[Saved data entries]

lemma trans_prob_Suc_last:
  "trans_prob \<mu> (Suc n) x B = (\<Sum>f\<in>set_pmf \<mu>. pmf \<mu> f * trans_prob \<mu> n x (f -` B))"
proof -
  let ?W = "rcomp_pmf \<mu> n"
  have one_step: "trans_prob \<mu> (Suc 0) y B = (\<Sum>f\<in>set_pmf \<mu>. pmf \<mu> f * indicator B (f y))" for y
    using trans_prob_eq_sum[of "Suc 0" y B] by (simp add: rcomp_pmf_Suc_0 del: rcomp_pmf.simps)
  have "trans_prob \<mu> (Suc n) x B =
      (\<Sum>h\<in>set_pmf ?W. pmf ?W h * (\<Sum>f\<in>set_pmf \<mu>. pmf \<mu> f * indicator (f -` B) (h x)))"
    using trans_prob_add[of n "Suc 0" x B] by (simp add: one_step indicator_def)
  also have "\<dots> = (\<Sum>f\<in>set_pmf \<mu>. pmf \<mu> f * trans_prob \<mu> n x (f -` B))"
    by (simp add: trans_prob_eq_sum sum_distrib_left sum.swap[of _ "set_pmf ?W"] algebra_simps)
  finally show ?thesis .
qed

abbreviation paths :: "(real \<Rightarrow> real) stream measure" where
  "paths \<equiv> stream_space (measure_pmf \<mu>)"

text \<open>Restricting to streams in the support makes the first step range over a finite set,
  which is what makes these events measurable.\<close>

definition visits :: "nat \<Rightarrow> real \<Rightarrow> real set \<Rightarrow> (real \<Rightarrow> real) stream set" where
  "visits n x A = {\<omega> \<in> streams (set_pmf \<mu>). rcomp n \<omega> x \<in> A}"

lemma space_paths [simp]: "space paths = UNIV"
  by (simp add: space_stream_space)

lemma visits_0: "visits 0 x A = (if x \<in> A then streams (set_pmf \<mu>) else {})"
  by (auto simp: visits_def)

lemma visits_Suc:
  "visits (Suc n) x A =
     (\<Union>f\<in>set_pmf \<mu>. (shd -` {f} \<inter> space paths) \<inter> (stl -` visits n (f x) A \<inter> space paths))"
proof (rule set_eqI)
  fix \<omega> :: "(real \<Rightarrow> real) stream"
  have "rcomp (Suc n) \<omega> x = rcomp n (stl \<omega>) (shd \<omega> x)"
    by (simp only: rcomp_Suc_stl o_def)
  moreover have "\<omega> \<in> streams (set_pmf \<mu>) \<longleftrightarrow> shd \<omega> \<in> set_pmf \<mu> \<and> stl \<omega> \<in> streams (set_pmf \<mu>)"
    by (metis stream.collapse streams_Stream)
  ultimately show "\<omega> \<in> visits (Suc n) x A \<longleftrightarrow>
      \<omega> \<in> (\<Union>f\<in>set_pmf \<mu>. (shd -` {f} \<inter> space paths) \<inter> (stl -` visits n (f x) A \<inter> space paths))"
    unfolding visits_def by auto
qed

lemma sets_visits: "visits n x A \<in> sets paths"
proof (induction n arbitrary: x)
  case 0
  have "streams (set_pmf \<mu>) \<in> sets paths"
    by (rule streams_sets) simp
  then show ?case by (simp add: visits_0)
next
  case (Suc n)
  have "shd -` {f} \<inter> space paths \<in> sets paths" for f
    by (rule measurable_sets[OF measurable_shd]) simp
  moreover have "stl -` visits n y A \<inter> space paths \<in> sets paths" for y
    by (rule measurable_sets[OF measurable_stl Suc.IH])
  ultimately show ?case
    unfolding visits_Suc using finite_support by (intro sets.finite_UN) auto
qed

lemma emeasure_visits: "emeasure paths (visits n x A) = ennreal (trans_prob \<mu> n x A)"
proof (induction n arbitrary: x)
  case 0
  have "emeasure paths (streams (set_pmf \<mu>)) = 1"
    by (rule prob_space.emeasure_eq_1_AE[OF prob_space.prob_space_stream_space[OF prob_space_measure_pmf]])
       (auto intro: streams_sets AE_in_streams_set_pmf)
  then show ?case by (simp add: visits_0 trans_prob_0)
next
  case (Suc n)
  have shift: "{\<omega> \<in> space paths. t ## \<omega> \<in> visits (Suc n) x A} =
      (if t \<in> set_pmf \<mu> then visits n (t x) A else {})" for t
    by (auto simp: visits_def rcomp_Suc_stl streams_Stream simp del: rcomp.simps)
  have "emeasure paths (visits (Suc n) x A) =
      (\<integral>\<^sup>+ t. emeasure paths {\<omega> \<in> space paths. t ## \<omega> \<in> visits (Suc n) x A} \<partial>measure_pmf \<mu>)"
    by (rule prob_space.emeasure_stream_space[OF prob_space_measure_pmf sets_visits])
  also have "\<dots> = (\<integral>\<^sup>+ t. ennreal (trans_prob \<mu> n (t x) A) \<partial>measure_pmf \<mu>)"
    unfolding shift by (intro nn_integral_cong_AE) (auto simp: AE_measure_pmf_iff Suc.IH)
  also have "\<dots> = (\<Sum>t\<in>set_pmf \<mu>. ennreal (pmf \<mu> t * trans_prob \<mu> n (t x) A))"
    using finite_support
    by (simp add: nn_integral_measure_pmf_finite ennreal_mult' trans_prob_nonneg mult.commute)
  also have "\<dots> = ennreal (trans_prob \<mu> (Suc n) x A)"
    unfolding trans_prob_Suc by (rule sum_ennreal) (simp add: trans_prob_nonneg)
  finally show ?case .
qed

lemma measure_visits: "measure paths (visits n x A) = trans_prob \<mu> n x A"
  by (simp add: measure_def emeasure_visits trans_prob_nonneg)

lemma recurrent_not_summable:
  assumes rec: "AE \<omega> in paths. \<exists>\<^sub>\<infinity>n. rcomp n \<omega> x \<in> J"
  shows "\<not> summable (\<lambda>n. trans_prob \<mu> n x J)"
proof
  assume "summable (\<lambda>n. trans_prob \<mu> n x J)"
  then have "AE \<omega> in paths. eventually (\<lambda>n. \<omega> \<in> space paths - visits n x J) sequentially"
    by (intro borel_cantelli_AE1)
       (auto simp: sets_visits emeasure_visits measure_visits)
  then have "AE \<omega> in paths. False"
    using rec AE_in_streams_set_pmf
  proof eventually_elim
    case (elim \<omega>)
    then obtain N where "\<forall>n\<ge>N. \<omega> \<notin> visits n x J"
      by (auto simp: eventually_sequentially)
    moreover obtain n where "n \<ge> N" "rcomp n \<omega> x \<in> J"
      using elim by (auto simp: INFM_nat_le)
    ultimately show False
      using elim by (auto simp: visits_def)
  qed
  then show False
    by (simp add: prob_space.AE_False[OF prob_space.prob_space_stream_space[OF prob_space_measure_pmf]])
qed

**Exercise objective**
Return each line of the records above in which the word "auto" occurs.

**Result of the task**
  by (auto simp: visits_def)
    unfolding visits_def by auto
    unfolding visits_Suc using finite_support by (intro sets.finite_UN) auto
       (auto intro: streams_sets AE_in_streams_set_pmf)
    by (auto simp: visits_def rcomp_Suc_stl streams_Stream simp del: rcomp.simps)
    unfolding shift by (intro nn_integral_cong_AE) (auto simp: AE_measure_pmf_iff Suc.IH)
       (auto simp: sets_visits emeasure_visits measure_visits)
      by (auto simp: eventually_sequentially)
      using elim by (auto simp: INFM_nat_le)
      using elim by (auto simp: visits_def)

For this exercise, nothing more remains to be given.